Centrales nucléaires : l’âge du départ en retraite augmente

C’est ce qu’il faut conclure des annonces successives des autorités en Allemagne d’abord, puis en France, de l’acceptation de durées de vies allongées pour les centrales existantes. En Allemagne de 12 ans en moyenne et en France de 10 années. Rien à voir donc sur l’amplitude de cet allongement avec les modestes deux ans d’accroissement de l’âge de départ en retraite des humains péniblement institué en France. Il est vrai que les centrales nucléaires, ca ne descend pas dans la rue.

Dans les deux cas néanmoins, cet allongement de la durée de vie se fera à la carte. En Allemagne il variera de 8 ans pour les centrales construites avant 1980 à quatorze ans pour les plus récentes. En France ce sera au cas par cas après inspection par une Autorité de Sureté Nucléaire dont on connait la très grande exigence. La Centrale du Tricastin est ainsi la première à avoir obtenu cet accord de prolongement d’exploitation moyennant des travaux de remise à niveau importants pour 500 millions d’euros. Rien à voir néanmoins avec le cout de construction d’une centrale neuve qui varie de 3.5 à 5 milliards d’euros. Elle avait été raccordée au réseau en 1980 et a donc 30 ans de fonctionnement derrière elle. Les travaux de remise à niveau devront avoir été effectués avant 2014.

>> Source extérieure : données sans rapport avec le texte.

(* Let $n\ge2$, let $\mathrm S\subseteq\{B_{ij}\}\cup\{C_{ij}\}\cup\{D_{ij}\}$ ($1\le i<j\le n$) with associated edge-colored multigraph $\mathscr G_{\mathrm S}$, and let $A\in\mathfrak{su}(n)$ with associated edge-colored multigraph $\mathscr G_A$. Suppose (i) each connected component of $\mathscr G_{\mathrm S}$ contains at least three nodes; (ii) $\mathscr G_A$ has no multi-edges and the union $\mathscr G_A\cup\mathscr G_{\mathrm S}$ is connected; (iii) $\mathscr G_A\cup\mathscr G_{\mathrm S}$ has a self-loop or a cycle containing an odd number of Red edges. Then the real Lie algebra generated by $\{A\}\cup\mathrm S$ equals $\mathfrak{su}(n)$.
   Context: $E_{ij}$ is the $n\times n$ matrix unit; $B_{ij}=E_{ij}-E_{ji}$, $C_{ij}=\mathrm i(E_{ij}+E_{ji})$, $D_{ij}=\mathrm i(E_{ii}-E_{jj})$; $\mathfrak{su}(n)$ is the real Lie algebra of traceless skew-Hermitian matrices with commutator bracket. Edge-colored multigraphs have node set $\{1,\dots,n\}$ and edges $\{i,j;c\}$, $c\in\{\text{Blue},\text{Red},\text{Green}\}$ ($\{i,i;c\}$ a self-loop; a multi-edge is two or more edges of different colors with identical endpoints). $\mathscr G_{\mathrm S}$: a Blue edge $\{i,j\}$ for each $B_{ij}\in\mathrm S$, a Red edge $\{i,j\}$ for each $C_{ij}\in\mathrm S$, Green self-loops $\{i,i\},\{j,j\}$ for each $D_{ij}\in\mathrm S$. $\mathscr G_A$: a Blue edge $\{i,j\}$ ($i\ne j$) iff $\mathrm{Re}(A_{ij})\ne0$, a Red edge $\{i,j\}$ ($i\ne j$) iff $\mathrm{Im}(A_{ij})\ne0$, a Green self-loop $\{i,i\}$ iff $A_{ii}\ne0$. The union has the union of edge sets. A cycle is a closed walk; connected means any two nodes are joined by a walk; components are maximal connected subgraphs. *)

theory Defs
  imports "Jordan_Normal_Form.Matrix"
begin
lemma vsum_f'_closing:
  assumes "s \<in> closing_sinks w"
  shows "vsum f' s = rest s \<otimes> x s"
proof -
  have sl: "s \<in> later w" and "later s = {}" using assms unfolding closing_sinks_def by auto
  have "s \<noteq> w" using sl unfolding later_def by blast
  moreover have "w \<in> earlier s" using sl mem_earlier_iff_mem_later by blast
  moreover have "nbrs s = earlier s" using \<open>later s = {}\<close> nbrs_eq_earlier_Un_later[of s] by simp
  ultimately have "vsum f' s = x s \<otimes> rest s"
    unfolding vsum_def rest_def using finprod_f'_earlier[of s "earlier s"] by simp
  thus ?thesis using x_closed[OF sl] f_closed unfolding rest_def by (simp add: m_comm)
qed

lemma earlier_sum_f':
  "v \<noteq> w \<Longrightarrow> earlier_sum f' v = (if v \<in> later w then x v else \<one>) \<otimes> rest v"
  unfolding earlier_sum_def rest_def using finprod_f'_earlier[of v "earlier v"] mem_earlier_iff_mem_later
  by simp

lemma pair_sum_f':
  assumes "v \<noteq> w" "s \<noteq> w"
  shows "pair_sum f' v s = (if s \<in> later w then x s else \<one>) \<otimes> pair_rest v s"
proof -
  have "earlier s - {v} - {w} = earlier s - {v, w}" by blast
  thus ?thesis unfolding pair_sum_def pair_rest_def
    using finprod_f'_earlier[of s "earlier s - {v}"] assms mem_earlier_iff_mem_later by auto
qed

lemma earlier_sum_f'_unchanged: "w \<notin> earlier v \<Longrightarrow> earlier_sum f' v = earlier_sum f v"
  unfolding earlier_sum_def using f'_earlier f_closed by (intro finprod_cong') auto

lemma pair_sum_f'_unchanged: "w \<notin> earlier s - {v} \<Longrightarrow> pair_sum f' v s = pair_sum f v s"
  unfolding pair_sum_def using f'_earlier f_closed by (intro finprod_cong') auto

lemma f'_nonzero:
  assumes e: "{u, v} \<in> E" and u: "pos u < Suc i"
  shows "f' {u, v} \<noteq> \<one>"
proof (cases "u = w")
  case True
  show ?thesis
  proof (cases "v \<in> later w")
    case True thus ?thesis using f'_later x_closed \<open>u = w\<close> by simp
  next
    case False
    have "v \<in> nbrs w" using e \<open>u = w\<close> unfolding nbrs_def by (simp add: insert_commute)
    hence "v \<in> earlier w" using False nbrs_eq_earlier_Un_later by blast
    hence "pos v < i" using w(2) unfolding earlier_def by simp
    moreover have "f' {v, w} = f {v, w}" using False f'_unchanged_at_w by blast
    ultimately show ?thesis using partial e True unfolding partial_labelling_def by (metis insert_commute)
  qed
next
  case False
  hence "pos u < i" using u w edgeD[OF e] pos_eq_iff by (metis less_Suc_eq)
  hence "u \<notin> later w" using w(2) unfolding later_def by auto
  hence "f' {u, v} = f {u, v}" using False f'_unchanged f'_unchanged_at_w by (cases "v = w") auto
  thus ?thesis using partial e \<open>pos u < i\<close> unfolding partial_labelling_def by auto
qed

lemma vsum_f'_newly_settled:
  assumes e: "{u, v} \<in> E" and u: "settled (Suc i) u" "\<not> settled i u" and v: "settled (Suc i) v"
  shows "vsum f' u \<noteq> vsum f' v"
proof -
  have V: "u \<in> V" "v \<in> V" "u \<noteq> v" using edgeD[OF e] by auto
  have vu: "v \<in> nbrs u" using e unfolding nbrs_def by (simp add: insert_commute)
  show ?thesis
  proof (cases "u = w")
    case True
    show ?thesis
    proof (cases "settled i v")
      case True
      hence "v \<in> earlier w" using vu \<open>u = w\<close> later_not_settled nbrs_eq_earlier_Un_later by blast
      thus ?thesis using vsum_f'_settled[OF True] vsum_f'_w total_not_used \<open>u = w\<close> by force
    next
      case False
      hence "v \<in> closing_sinks w" using newly_settled[OF w V(2) v False] V(3) \<open>u = w\<close> by blast
      thus ?thesis using vsum_f'_closing vsum_f'_w closing_sum_new \<open>u = w\<close> by metis
    qed
  next
    case False
    hence u_closing: "u \<in> closing_sinks w" using newly_settled[OF w V(1) u] by blast
    hence "later u = {}" unfolding closing_sinks_def by blast
    hence v_earlier: "v \<in> earlier u" using vu nbrs_eq_earlier_Un_later by blast
    show ?thesis
    proof (cases "v = w")
      case True thus ?thesis using vsum_f'_closing[OF u_closing] vsum_f'_w closing_sum_new[OF u_closing] by simp
    next
      case False
      have "settled i v"
      proof (rule ccontr)
        assume "\<not> settled i v"
        hence "later v = {}" using newly_settled[OF w V(2) v] False unfolding closing_sinks_def by blast
        thus False using v_earlier mem_earlier_iff_mem_later by blast
      qed
      hence "vsum f' v \<in> final_sums u" using vsum_f'_settled v_earlier False unfolding final_sums_def by blast
      thus ?thesis using vsum_f'_closing[OF u_closing] closing_sum_new[OF u_closing] by metis
    qed
  qed
qed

Coté allemand, il coutera également cher aux exploitants pour poursuivre leur exploitation car l’Etat a jugé que l’allongement de la durée d’exploitation accordée était un avantage économique important dont il était logique que l’Etat ait sa part. D’ou l’institution d’une taxe sur le combustible nouvelle que d’aucun ont immédiatement baptisé « droit à polluer » et l’institution d’un fond qui devrait être utilisée pour développer les énergies renouvelables. Car si le gouvernement a fini par accepter une telle augmentation de vie, c’est face à la constatation que, même avec les efforts considérables déjà fait en Allemagne dans l’éolien et le photovoltaïque, il ne serait pas possible sans nucléaire de respecter les engagements pris de diminuer les émissions de CO2 de 80% d’ici 2050. Il en coutera aux exploitants 36 milliards d’euros entre taxe sur le combustible et participation au fond de développement des énergies renouvelables.

D’une certaine manière en France, l’avantage économique résultant de cet allongement de vie ira également aux contribuables par l’intermédiaire de la redistribution des bénéfices d’EDF à son actionnaire ( à 80% seulement ) l’Etat. A moins que sous la pression de Bruxelles, on ne se décide à forcer EDF à redistribuer une partie de cette rente à ses confrères pour initier enfin une vrai concurrence sur le marché.

A suivre maintenant jusqu’à épuisement des recours en justice que ne manquerons de déposer en Allemagne opposition et ONG diverses.